## About this exercise
Of all the entries below, retype only the lines from the one with "by (intro real_vector.span_sum" through the one with "interpret dunkl_clifford n", exactly as they appear.

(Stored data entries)
text \<open>Restriction to \<open>x\<^sub>n = 0\<close> inverts \<open>CK\<close> on monogenic polynomials, so \<open>CK\<close> carries any
  spanning family of the homogeneous polynomials in \<open>x\<^sub>1, \<dots>, x\<^sub>n\<^sub>-\<^sub>1\<close> to one of the monogenics.\<close>

lemma span_CK_image_eq_monogenic:
  assumes n: "2 \<le> n" and finY: "finite Y" and G: "\<And>y. y \<in> Y \<Longrightarrow> homog (n - 1) k (G y)"
    and span: "{p. homog (n - 1) k p} \<subseteq> span (G ` Y)"
  shows "span ((\<lambda>y. CK \<mu> E n n (G y)) ` Y) = monogenic \<mu> E n k"
proof
  show "span ((\<lambda>y. CK \<mu> E n n (G y)) ` Y) \<subseteq> monogenic \<mu> E n k"
    using CK_mem_monogenic[OF n] G subspace_monogenic by (intro real_vector.span_minimal) auto
  show "monogenic \<mu> E n k \<subseteq> span ((\<lambda>y. CK \<mu> E n n (G y)) ` Y)"
  proof
    fix f assume f: "f \<in> monogenic \<mu> E n k"
    define g where "g = (\<lambda>\<beta>. if \<beta> n = 0 then f \<beta> else 0)"
    have "g \<in> span (G ` Y)" using span monogenic_eq_CK_restrict(1)[OF n f] by (auto simp: g_def)
    then obtain u where u: "g = (\<Sum>s\<in>G ` Y. u s *\<^sub>R s)"
      using real_vector.span_finite[OF finite_imageI[OF finY]] by auto
    have fin: "fin_supp s" if "s \<in> G ` Y" for s using that G by (auto simp: homog_iff)
    have "f = CK \<mu> E n n g" using monogenic_eq_CK_restrict(2)[OF n f] by (simp add: g_def)
    also have "\<dots> = (\<Sum>s\<in>G ` Y. u s *\<^sub>R CK \<mu> E n n s)"
      unfolding u using n finY fin by (intro CK_sum) auto
    also have "\<dots> \<in> span ((\<lambda>y. CK \<mu> E n n (G y)) ` Y)"
      by (intro real_vector.span_sum real_vector.span_scale real_vector.span_base) auto
    finally show "f \<in> span ((\<lambda>y. CK \<mu> E n n (G y)) ` Y)" .
  qed
qed

lemma is_basis_fam_CK_chain:
  assumes n: "2 \<le> n" and finB: "finite B" and indepB: "independent B" and spanB: "span B = UNIV"
  shows "is_basis_fam (monogenic \<mu> E n k)
    (\<lambda>x. CK \<mu> E n n (chain \<mu> E n (fst x) (snd x) (n - 1))) (exps (n - 1) k \<times> B)"
proof -
  define G where "G x = chain \<mu> E n (fst x) (snd x) (n - 1)" for x :: "(nat \<Rightarrow> nat) \<times> 'v"
  have l: "1 \<le> n - 1" "n - 1 \<le> n" "n \<in> {1..n}" using n by auto
  have G: "homog (n - 1) k (G x)" if "x \<in> exps (n - 1) k \<times> B" for x
    using that homog_chain[OF l(1,2)] by (auto simp: G_def exps_def)
  have indep: "indep_fam (\<lambda>x. CK \<mu> E n n (G x)) (exps (n - 1) k \<times> B)"
    using chain_indep[OF indepB finB l(1,2), folded G_def] G homog_hyperplane[OF G] n
    by (intro indep_fam_CK[OF l(3)]) (auto simp: homog_iff)
  have "span ((\<lambda>x. CK \<mu> E n n (G x)) ` (exps (n - 1) k \<times> B)) = monogenic \<mu> E n k"
    using span_CK_image_eq_monogenic[OF n _ G homog_subset_span_chain[OF indepB finB spanB l(1,2), folded G_def]]
      exps_finite finB by simp
  then show ?thesis
    unfolding is_basis_fam_iff G_def[symmetric]
    using indep_fam_inj_on[OF indep] indep_fam_independent_image[OF indep] by blast
qed

end

theorem proposition6:
  fixes n k :: nat and \<mu> :: "nat \<Rightarrow> real" and E :: "nat \<Rightarrow> 'v::real_vector \<Rightarrow> 'v"
    and B :: "'v set"
  assumes n3: "n \<ge> 3"
    and mu_pos: "\<forall>i\<in>{1..n}. \<mu> i > 0"
    and clif: "clifford_module n E"
    and finB: "finite B"
    and indepB: "independent B"
    and spanB: "span B = UNIV"
  shows "is_basis_fam (monogenic \<mu> E n k) (\<lambda>(jj, v). Psi \<mu> E n k jj v) (mindex n k \<times> B)"
proof -
  interpret dunkl_clifford n \<mu> E using mu_pos clif by unfold_locales
  define \<Phi> where "\<Phi> = map_prod (\<lambda>jj. jj(n - 1 := k - (\<Sum>i=1..n-2. jj i))) (id :: 'v \<Rightarrow> 'v)"
  have "bij_betw \<Phi> (mindex n k \<times> B) (exps (n - 1) k \<times> B)"
    unfolding \<Phi>_def by (rule bij_betw_map_prod[OF mindex_bij_exps[OF n3] bij_betw_id])
  from is_basis_fam_reindex[OF this is_basis_fam_CK_chain[OF _ finB indepB spanB]]
  show ?thesis using n3 by (simp add: \<Phi>_def Psi_def split_def)
qed

end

## Task result
      by (intro real_vector.span_sum real_vector.span_scale real_vector.span_base) auto
    finally show "f \<in> span ((\<lambda>y. CK \<mu> E n n (G y)) ` Y)" .
  qed
qed

lemma is_basis_fam_CK_chain:
  assumes n: "2 \<le> n" and finB: "finite B" and indepB: "independent B" and spanB: "span B = UNIV"
  shows "is_basis_fam (monogenic \<mu> E n k)
    (\<lambda>x. CK \<mu> E n n (chain \<mu> E n (fst x) (snd x) (n - 1))) (exps (n - 1) k \<times> B)"
proof -
  define G where "G x = chain \<mu> E n (fst x) (snd x) (n - 1)" for x :: "(nat \<Rightarrow> nat) \<times> 'v"
  have l: "1 \<le> n - 1" "n - 1 \<le> n" "n \<in> {1..n}" using n by auto
  have G: "homog (n - 1) k (G x)" if "x \<in> exps (n - 1) k \<times> B" for x
    using that homog_chain[OF l(1,2)] by (auto simp: G_def exps_def)
  have indep: "indep_fam (\<lambda>x. CK \<mu> E n n (G x)) (exps (n - 1) k \<times> B)"
    using chain_indep[OF indepB finB l(1,2), folded G_def] G homog_hyperplane[OF G] n
    by (intro indep_fam_CK[OF l(3)]) (auto simp: homog_iff)
  have "span ((\<lambda>x. CK \<mu> E n n (G x)) ` (exps (n - 1) k \<times> B)) = monogenic \<mu> E n k"
    using span_CK_image_eq_monogenic[OF n _ G homog_subset_span_chain[OF indepB finB spanB l(1,2), folded G_def]]
      exps_finite finB by simp
  then show ?thesis
    unfolding is_basis_fam_iff G_def[symmetric]
    using indep_fam_inj_on[OF indep] indep_fam_independent_image[OF indep] by blast
qed

end

theorem proposition6:
  fixes n k :: nat and \<mu> :: "nat \<Rightarrow> real" and E :: "nat \<Rightarrow> 'v::real_vector \<Rightarrow> 'v"
    and B :: "'v set"
  assumes n3: "n \<ge> 3"
    and mu_pos: "\<forall>i\<in>{1..n}. \<mu> i > 0"
    and clif: "clifford_module n E"
    and finB: "finite B"
    and indepB: "independent B"
    and spanB: "span B = UNIV"
  shows "is_basis_fam (monogenic \<mu> E n k) (\<lambda>(jj, v). Psi \<mu> E n k jj v) (mindex n k \<times> B)"
proof -
  interpret dunkl_clifford n \<mu> E using mu_pos clif by unfold_locales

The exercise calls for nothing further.